Nikkei partners with S&P Global to develop a new service based on AI to distribute news and data about Asian companies. The companies plan to develop a database centered on organizations in the region and make Nikkei's original content more broadly available. A data platform, scoutAsia, aims to develop a next-generation service to provide information beyond regular financial statements. All with the assistance of the AI.

Panera Bread restaurants in New York are testing AI for taking drive-thru orders. A rise in drive-thru ordering during the COVID pandemic in the US led to long lines of cars, making chains focus on speed of service and order accuracy. That is why Panera Bread uses OpenCity’s voice-ordering technology, Tori. At Panera, customers will interact with Tori when they pull up to the drive-thru speaker thus reducing waiting time.

In the world of science, the AI also proves to be useful. Researchers at Flatiron Institute's Center for Computational Quantum Physics in New York City managed to compress a quantum problem which requires 100,000 equations into a bite-size task of as few as four equations. The AI assistance did not sacrifice the accuracy.
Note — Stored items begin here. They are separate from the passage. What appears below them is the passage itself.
(* If $a_j\neq0$ for $1\le j\le 4$, then $HC_F(\mathbf v,d)\cap(\hat\ell_1\cup\hat\ell_2\cup\hat\ell_3\cup\hat\ell_4)=\{\mathbf p_1,\mathbf p_2,\mathbf p_3,\mathbf p_4\}$, and these four points are singular points of $HC_F(\mathbf v,d)$.
   Context: On $\mathbb{C}P^4$ use homogeneous coordinates $[w_0,w_1,w_2,w_3,x_1]$. Let $Y$ be the surface $w_0w_3-w_1w_2=0$, $x_1^2+w_0w_3=0$. For parameters $[\mathbf v,d]=[v_{11},v_{12},v_{21},v_{22},d]\in\mathbb{C}P^4$ (complex, not all zero), $HC_F(\mathbf v,d)$ is the set of points of $Y$ satisfying $A(\mathbf w)x_1+C(\mathbf w)=0$, where $A(\mathbf w)=2\big(v_{22}(w_3-w_0)-v_{12}(w_2-w_1)\big)$ and $C(\mathbf w)=a_1w_0w_1+a_2w_0w_2+a_3w_1w_3+a_4w_2w_3$, with $a_1=v_{11}-v_{21}-d$, $a_2=-v_{11}-v_{21}+d$, $a_3=v_{11}+v_{21}+d$, $a_4=-v_{11}+v_{21}-d$. The lines on $Y$ are $\hat\ell_1=\{[w_0,w_1,0,0,0]\}$, $\hat\ell_2=\{[w_0,0,w_2,0,0]\}$, $\hat\ell_3=\{[0,0,w_2,w_3,0]\}$, $\hat\ell_4=\{[0,w_1,0,w_3,0]\}$. The points are $\mathbf p_1=[1,0,0,0,0]$, $\mathbf p_2=[0,0,0,1,0]$, $\mathbf p_3=[0,1,0,0,0]$, $\mathbf p_4=[0,0,1,0,0]$. A point of $HC_F(\mathbf v,d)$ is singular if the Jacobian matrix of the three defining polynomials $w_0w_3-w_1w_2$, $x_1^2+w_0w_3$, $A(\mathbf w)x_1+C(\mathbf w)$ has rank less than $3$ there. *)

theory Defs
  imports "HOL-Analysis.Analysis"
begin

text \<open>Points of CP^4 are represented by their nonzero homogeneous coordinate vectors
  p = vector [w0, w1, w2, w3, x1] :: complex^5, i.e. p$1 = w0, p$2 = w1, p$3 = w2,
  p$4 = w3, p$5 = x1. A subset of CP^4 cut out by homogeneous equations is represented
  by the cone of all its nonzero representatives.\<close>

definition a1 :: "complex \<Rightarrow> complex \<Rightarrow> complex \<Rightarrow> complex" where
  "a1 v11 v21 d = v11 - v21 - d"
definition a2 :: "complex \<Rightarrow> complex \<Rightarrow> complex \<Rightarrow> complex" where
  "a2 v11 v21 d = - v11 - v21 + d"
definition a3 :: "complex \<Rightarrow> complex \<Rightarrow> complex \<Rightarrow> complex" where
  "a3 v11 v21 d = v11 + v21 + d"
definition a4 :: "complex \<Rightarrow> complex \<Rightarrow> complex \<Rightarrow> complex" where
  "a4 v11 v21 d = - v11 + v21 - d"

definition Apoly :: "complex \<Rightarrow> complex \<Rightarrow> complex^5 \<Rightarrow> complex" where
  "Apoly v12 v22 p = 2 * (v22 * (p$4 - p$1) - v12 * (p$3 - p$2))"

definition Cpoly :: "complex \<Rightarrow> complex \<Rightarrow> complex \<Rightarrow> complex^5 \<Rightarrow> complex" where
  "Cpoly v11 v21 d p = a1 v11 v21 d * p$1 * p$2 + a2 v11 v21 d * p$1 * p$3
                      + a3 v11 v21 d * p$2 * p$4 + a4 v11 v21 d * p$3 * p$4"

definition G1 :: "complex^5 \<Rightarrow> complex" where
  "G1 p = p$1 * p$4 - p$2 * p$3"
definition G2 :: "complex^5 \<Rightarrow> complex" where
  "G2 p = (p$5)^2 + p$1 * p$4"
definition G3 :: "complex \<Rightarrow> complex \<Rightarrow> complex \<Rightarrow> complex \<Rightarrow> complex \<Rightarrow> complex^5 \<Rightarrow> complex" where
  "G3 v11 v12 v21 v22 d p = Apoly v12 v22 p * p$5 + Cpoly v11 v21 d p"

definition Ysurf :: "(complex^5) set" where
  "Ysurf = {p. p \<noteq> 0 \<and> G1 p = 0 \<and> G2 p = 0}"

definition HC_F :: "complex \<Rightarrow> complex \<Rightarrow> complex \<Rightarrow> complex \<Rightarrow> complex \<Rightarrow> (complex^5) set" where
  "HC_F v11 v12 v21 v22 d = {p \<in> Ysurf. G3 v11 v12 v21 v22 d p = 0}"

definition line1 :: "(complex^5) set" where
  "line1 = {p. p \<noteq> 0 \<and> p$3 = 0 \<and> p$4 = 0 \<and> p$5 = 0}"
definition line2 :: "(complex^5) set" where
  "line2 = {p. p \<noteq> 0 \<and> p$2 = 0 \<and> p$4 = 0 \<and> p$5 = 0}"
definition line3 :: "(complex^5) set" where
  "line3 = {p. p \<noteq> 0 \<and> p$1 = 0 \<and> p$2 = 0 \<and> p$5 = 0}"
definition line4 :: "(complex^5) set" where
  "line4 = {p. p \<noteq> 0 \<and> p$1 = 0 \<and> p$3 = 0 \<and> p$5 = 0}"

definition pt1 :: "complex^5" where "pt1 = vector [1, 0, 0, 0, 0]"
definition pt2 :: "complex^5" where "pt2 = vector [0, 0, 0, 1, 0]"
definition pt3 :: "complex^5" where "pt3 = vector [0, 1, 0, 0, 0]"
definition pt4 :: "complex^5" where "pt4 = vector [0, 0, 1, 0, 0]"

definition proj_pt :: "complex^5 \<Rightarrow> (complex^5) set" where
  "proj_pt q = {c *s q | c. c \<noteq> 0}"

definition partial :: "(complex^5 \<Rightarrow> complex) \<Rightarrow> 5 \<Rightarrow> complex^5 \<Rightarrow> complex" where
  "partial F j p = deriv (\<lambda>t. F (\<chi> k. if k = j then t else p$k)) (p$j)"

definition jacobian :: "complex \<Rightarrow> complex \<Rightarrow> complex \<Rightarrow> complex \<Rightarrow> complex \<Rightarrow> complex^5 \<Rightarrow> complex^5^3" where
  "jacobian v11 v12 v21 v22 d p =
     (\<chi> i j. partial (if i = 1 then G1 else if i = 2 then G2 else G3 v11 v12 v21 v22 d) j p)"

definition singular_pt :: "complex \<Rightarrow> complex \<Rightarrow> complex \<Rightarrow> complex \<Rightarrow> complex \<Rightarrow> complex^5 \<Rightarrow> bool" where
  "singular_pt v11 v12 v21 v22 d p \<longleftrightarrow>
     p \<in> HC_F v11 v12 v21 v22 d \<and> rank (jacobian v11 v12 v21 v22 d p) < 3"

end

theory Submission
  imports Defs
begin

text \<open>On each line \<open>\<ell>\<^sub>i\<close> the two quadrics defining \<open>Y\<close> vanish identically and so does
  \<open>x\<^sub>1\<close>, hence the third equation restricts to \<open>a\<^sub>i\<close> times the product of the two
  coordinates spanning \<open>\<ell>\<^sub>i\<close>; for \<open>a\<^sub>i \<noteq> 0\<close> it cuts out exactly the two coordinate points
  of \<open>\<ell>\<^sub>i\<close>. At each coordinate point the gradients of the two quadrics are proportional,
  so two rows of the Jacobian are dependent and its rank is at most 2, whatever the third
  equation is.\<close>

lemma exhaust_5:
  fixes x :: 5
  shows "x = 1 \<or> x = 2 \<or> x = 3 \<or> x = 4 \<or> x = 5"
proof (induct x)
  case (of_int z)
  then have "z = 0 \<or> z = 1 \<or> z = 2 \<or> z = 3 \<or> z = 4" by fastforce
  then show ?case by auto
qed

lemma forall_5: "(\<forall>i::5. P i) \<longleftrightarrow> P 1 \<and> P 2 \<and> P 3 \<and> P 4 \<and> P 5"
  by (metis exhaust_5)

lemma vector_5 [simp]:
  "(vector [a, b, c, e, f] :: 'a::zero^5) $ 1 = a"
  "(vector [a, b, c, e, f] :: 'a::zero^5) $ 2 = b"
  "(vector [a, b, c, e, f] :: 'a::zero^5) $ 3 = c"
  "(vector [a, b, c, e, f] :: 'a::zero^5) $ 4 = e"
  "(vector [a, b, c, e, f] :: 'a::zero^5) $ 5 = f"
  unfolding vector_def by simp_all

lemma rank_less_card_rows:
  fixes A :: "'a::field^'n^'m"
  assumes "i \<noteq> j" and "row j A = c *s row i A"
  shows "rank A < CARD('m)"
proof -
  let ?R = "(\<lambda>k. row k A) ` (UNIV - {j})"
  have "rows A \<subseteq> vec.span ?R"
  proof
    fix x assume "x \<in> rows A"
    then obtain k where "x = row k A" by (auto simp: rows_def)
    then show "x \<in> vec.span ?R"
      using assms by (cases "k = j") (auto intro: vec.span_base vec.span_scale)
  qed
  then have "rank A \<le> card ?R"
    unfolding row_rank_def_gen by (rule vec.dim_le_card) simp
  also have "\<dots> \<le> card (UNIV - {j} :: 'm set)"
    by (rule card_image_le) simp
  also have "\<dots> < CARD('m)"
    by (simp add: card_Diff_subset)
  finally show ?thesis .
qed

definition gradient :: "(complex^5 \<Rightarrow> complex) \<Rightarrow> complex^5 \<Rightarrow> complex^5" where
  "gradient F p = (\<chi> j. partial F j p)"

lemma partial_eqI:
  assumes "((\<lambda>t. F (\<chi> k. if k = j then t else p$k)) has_field_derivative D) (at (p$j))"
  shows "partial F j p = D"
  unfolding partial_def using assms by (rule DERIV_imp_deriv)

lemma gradient_G1: "gradient G1 p = vector [p$4, - p$3, - p$2, p$1, 0]"
  by (simp add: vec_eq_iff forall_5 gradient_def, intro conjI partial_eqI)
     (auto simp: G1_def intro!: derivative_eq_intros)

lemma gradient_G2: "gradient G2 p = vector [p$4, 0, 0, p$1, 2 * p$5]"
  by (simp add: vec_eq_iff forall_5 gradient_def, intro conjI partial_eqI)
     (auto simp: G2_def intro!: derivative_eq_intros)

lemma rows_jacobian:
  "row 1 (jacobian v11 v12 v21 v22 d p) = gradient G1 p"
  "row 2 (jacobian v11 v12 v21 v22 d p) = gradient G2 p"
  by (simp_all add: row_def jacobian_def gradient_def)

lemma singular_pt_if_gradients_dependent:
  assumes "p \<in> HC_F v11 v12 v21 v22 d" and "gradient G2 p = c *s gradient G1 p"
  shows "singular_pt v11 v12 v21 v22 d p"
  using assms rank_less_card_rows[of 1 2 "jacobian v11 v12 v21 v22 d p" c]
  by (simp add: singular_pt_def rows_jacobian)

lemma coordinate_points_in_HC_F:
  "pt1 \<in> HC_F v11 v12 v21 v22 d" "pt2 \<in> HC_F v11 v12 v21 v22 d"
  "pt3 \<in> HC_F v11 v12 v21 v22 d" "pt4 \<in> HC_F v11 v12 v21 v22 d"
  by (simp_all add: HC_F_def Ysurf_def G1_def G2_def G3_def Apoly_def Cpoly_def
      pt1_def pt2_def pt3_def pt4_def vec_eq_iff forall_5)

lemma singular_pt_coordinate_points:
  "singular_pt v11 v12 v21 v22 d pt1" "singular_pt v11 v12 v21 v22 d pt2"
  "singular_pt v11 v12 v21 v22 d pt3" "singular_pt v11 v12 v21 v22 d pt4"
proof -
  have dependent:
    "gradient G2 pt1 = 1 *s gradient G1 pt1" "gradient G2 pt2 = 1 *s gradient G1 pt2"
    "gradient G2 pt3 = 0 *s gradient G1 pt3" "gradient G2 pt4 = 0 *s gradient G1 pt4"
    by (simp_all add: gradient_G1 gradient_G2 pt1_def pt2_def pt3_def pt4_def vec_eq_iff forall_5)
  show "singular_pt v11 v12 v21 v22 d pt1" "singular_pt v11 v12 v21 v22 d pt2"
    "singular_pt v11 v12 v21 v22 d pt3" "singular_pt v11 v12 v21 v22 d pt4"
    using singular_pt_if_gradients_dependent coordinate_points_in_HC_F dependent by metis+
qed

lemma proj_pt_axis: "p \<in> proj_pt (axis i 1) \<longleftrightarrow> p$i \<noteq> 0 \<and> (\<forall>k. k \<noteq> i \<longrightarrow> p$k = 0)"
proof
  assume "p \<in> proj_pt (axis i 1)"
  then show "p$i \<noteq> 0 \<and> (\<forall>k. k \<noteq> i \<longrightarrow> p$k = 0)"
    by (auto simp: proj_pt_def axis_def)
next
  assume p: "p$i \<noteq> 0 \<and> (\<forall>k. k \<noteq> i \<longrightarrow> p$k = 0)"
  then have "p = p$i *s axis i 1"
    by (auto simp: vec_eq_iff axis_def)
  with p show "p \<in> proj_pt (axis i 1)"
    unfolding proj_pt_def by blast
qed

definition coordinate_line :: "5 \<Rightarrow> 5 \<Rightarrow> (complex^5) set" where
  "coordinate_line i j = {p. p \<noteq> 0 \<and> (\<forall>k. k \<noteq> i \<and> k \<noteq> j \<longrightarrow> p$k = 0)}"

lemma coordinate_line_vanishing_coordinate:
  assumes "i \<noteq> j"
  shows "{p \<in> coordinate_line i j. p$i = 0 \<or> p$j = 0} = proj_pt (axis i 1) \<union> proj_pt (axis j 1)"
  using assms by (auto simp: coordinate_line_def proj_pt_axis vec_eq_iff)

lemma lines_eq_coordinate_lines:
  "line1 = coordinate_line 1 2" "line2 = coordinate_line 1 3"
  "line3 = coordinate_line 3 4" "line4 = coordinate_line 2 4"
  by (auto simp: line1_def line2_def line3_def line4_def coordinate_line_def forall_5)

lemma coordinate_points_eq_axis:
  "pt1 = axis 1 1" "pt2 = axis 4 1" "pt3 = axis 2 1" "pt4 = axis 3 1"
  by (simp_all add: pt1_def pt2_def pt3_def pt4_def axis_def vec_eq_iff forall_5)

lemma HC_F_inter_lines_eq:
  "HC_F v11 v12 v21 v22 d \<inter> line1 = {p \<in> line1. a1 v11 v21 d * (p$1 * p$2) = 0}"
  "HC_F v11 v12 v21 v22 d \<inter> line2 = {p \<in> line2. a2 v11 v21 d * (p$1 * p$3) = 0}"
  "HC_F v11 v12 v21 v22 d \<inter> line3 = {p \<in> line3. a4 v11 v21 d * (p$3 * p$4) = 0}"
  "HC_F v11 v12 v21 v22 d \<inter> line4 = {p \<in> line4. a3 v11 v21 d * (p$2 * p$4) = 0}"
  by (auto simp: HC_F_def Ysurf_def G1_def G2_def G3_def Apoly_def Cpoly_def
      line1_def line2_def line3_def line4_def algebra_simps)

lemma HC_F_inter_lines:
  "a1 v11 v21 d \<noteq> 0 \<Longrightarrow> HC_F v11 v12 v21 v22 d \<inter> line1 = proj_pt pt1 \<union> proj_pt pt3"
  "a2 v11 v21 d \<noteq> 0 \<Longrightarrow> HC_F v11 v12 v21 v22 d \<inter> line2 = proj_pt pt1 \<union> proj_pt pt4"
  "a4 v11 v21 d \<noteq> 0 \<Longrightarrow> HC_F v11 v12 v21 v22 d \<inter> line3 = proj_pt pt4 \<union> proj_pt pt2"
  "a3 v11 v21 d \<noteq> 0 \<Longrightarrow> HC_F v11 v12 v21 v22 d \<inter> line4 = proj_pt pt3 \<union> proj_pt pt2"
  unfolding HC_F_inter_lines_eq
  by (simp_all add: lines_eq_coordinate_lines coordinate_points_eq_axis
      coordinate_line_vanishing_coordinate)

theorem lemma5p8:
  fixes v11 v12 v21 v22 d :: complex
  assumes "(v11, v12, v21, v22, d) \<noteq> (0, 0, 0, 0, 0)"
    and "a1 v11 v21 d \<noteq> 0" and "a2 v11 v21 d \<noteq> 0"
    and "a3 v11 v21 d \<noteq> 0" and "a4 v11 v21 d \<noteq> 0"
  shows "HC_F v11 v12 v21 v22 d \<inter> (line1 \<union> line2 \<union> line3 \<union> line4)
           = proj_pt pt1 \<union> proj_pt pt2 \<union> proj_pt pt3 \<union> proj_pt pt4
         \<and> singular_pt v11 v12 v21 v22 d pt1 \<and> singular_pt v11 v12 v21 v22 d pt2
         \<and> singular_pt v11 v12 v21 v22 d pt3 \<and> singular_pt v11 v12 v21 v22 d pt4"
proof -
  let ?H = "HC_F v11 v12 v21 v22 d"
  have "?H \<inter> (line1 \<union> line2 \<union> line3 \<union> line4)
      = (?H \<inter> line1) \<union> (?H \<inter> line2) \<union> (?H \<inter> line3) \<union> (?H \<inter> line4)"
    by blast
  also have "\<dots> = proj_pt pt1 \<union> proj_pt pt2 \<union> proj_pt pt3 \<union> proj_pt pt4"
    using assms(2-5) by (auto simp: HC_F_inter_lines)
  finally show ?thesis
    by (simp add: singular_pt_coordinate_points)
qed

end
In the future, such approach can help in the design of materials with sought-after properties such as superconductivity or utility for clean energy generation.

The US National Institutes of Health has secured $14 million funding for the training of AI that can analyze patients' voices to diagnose and study illness. Twelve research institutions led by the University of South Florida will work on collecting a database of people's voices that will be used to train applications that doctors can use to potentially detect diseases and neurological disorders by examining a person's speech. The Voice as a Biomarker of Health project will focus on such deсeases as voice, neurological and neurodegenerative, mood and psychiatric, respiratory and pediatric voice and speech disorders.

Meta AI researches presented artificial intelligence that can decode words and sentences from brain activity. Using only a few seconds of brain activity data, the AI guesses what a person has heard. That includes many patients in minimally conscious, locked-in or “vegetative states”. Researchers trained the algorithm to detect words and sentences on 56,000 hours of speech recordings from 53 languages. The team applied an AI with this language model to databases from four institutions that included brain activity from 169 volunteers. In these databases, participants listened to various stories and sentences by, for example, Ernest Hemingway or Lewis Carroll, while the people’s brains were scanned. Then with the help of a computational method that accounts for physical differences among actual brains, the team tried to decode what participants heard using just three seconds of brain activity data from each person.

The last but not the least innovation for our health comes from the Department of Electrical Engineering and Computer Science at MIT. A new ML model can detect Parkinson’s disease by reading a person’s breathing patterns. The algorithm mimics the way a human brain works, capable of assessing whether someone has Parkinson’s from their nocturnal breathing.

Vendor news

SAS made its Viya analytics suite available on Microsoft’s Azure Marketplace to help organizations access all features of the suite in on-demand model. Viya, now as a part of the Azure Marketplace, will include an in-app learning center to help support onboarding. The platform includes all SAS applications such as Visual Analytics, Visual Statistics, Visual Data Mining and Machine Learning, Model Manager, Studio Analyst, Information Governance, Econometrics and Optimization.

Altair acquires RapidMiner, one of the leaders in data analytics and machine learning. RapidMiner is said to reinforce Altair data analytics market position in several verticals, with a focus on manufacturing and financial services. RapidMiner's cloud platform will be seamlessly integrated with Altair’s existing tools, such as Knowledge Studio, SmartWorks, and SLC.

That would be all for September. But next month we hope to share more of these exciting news stories.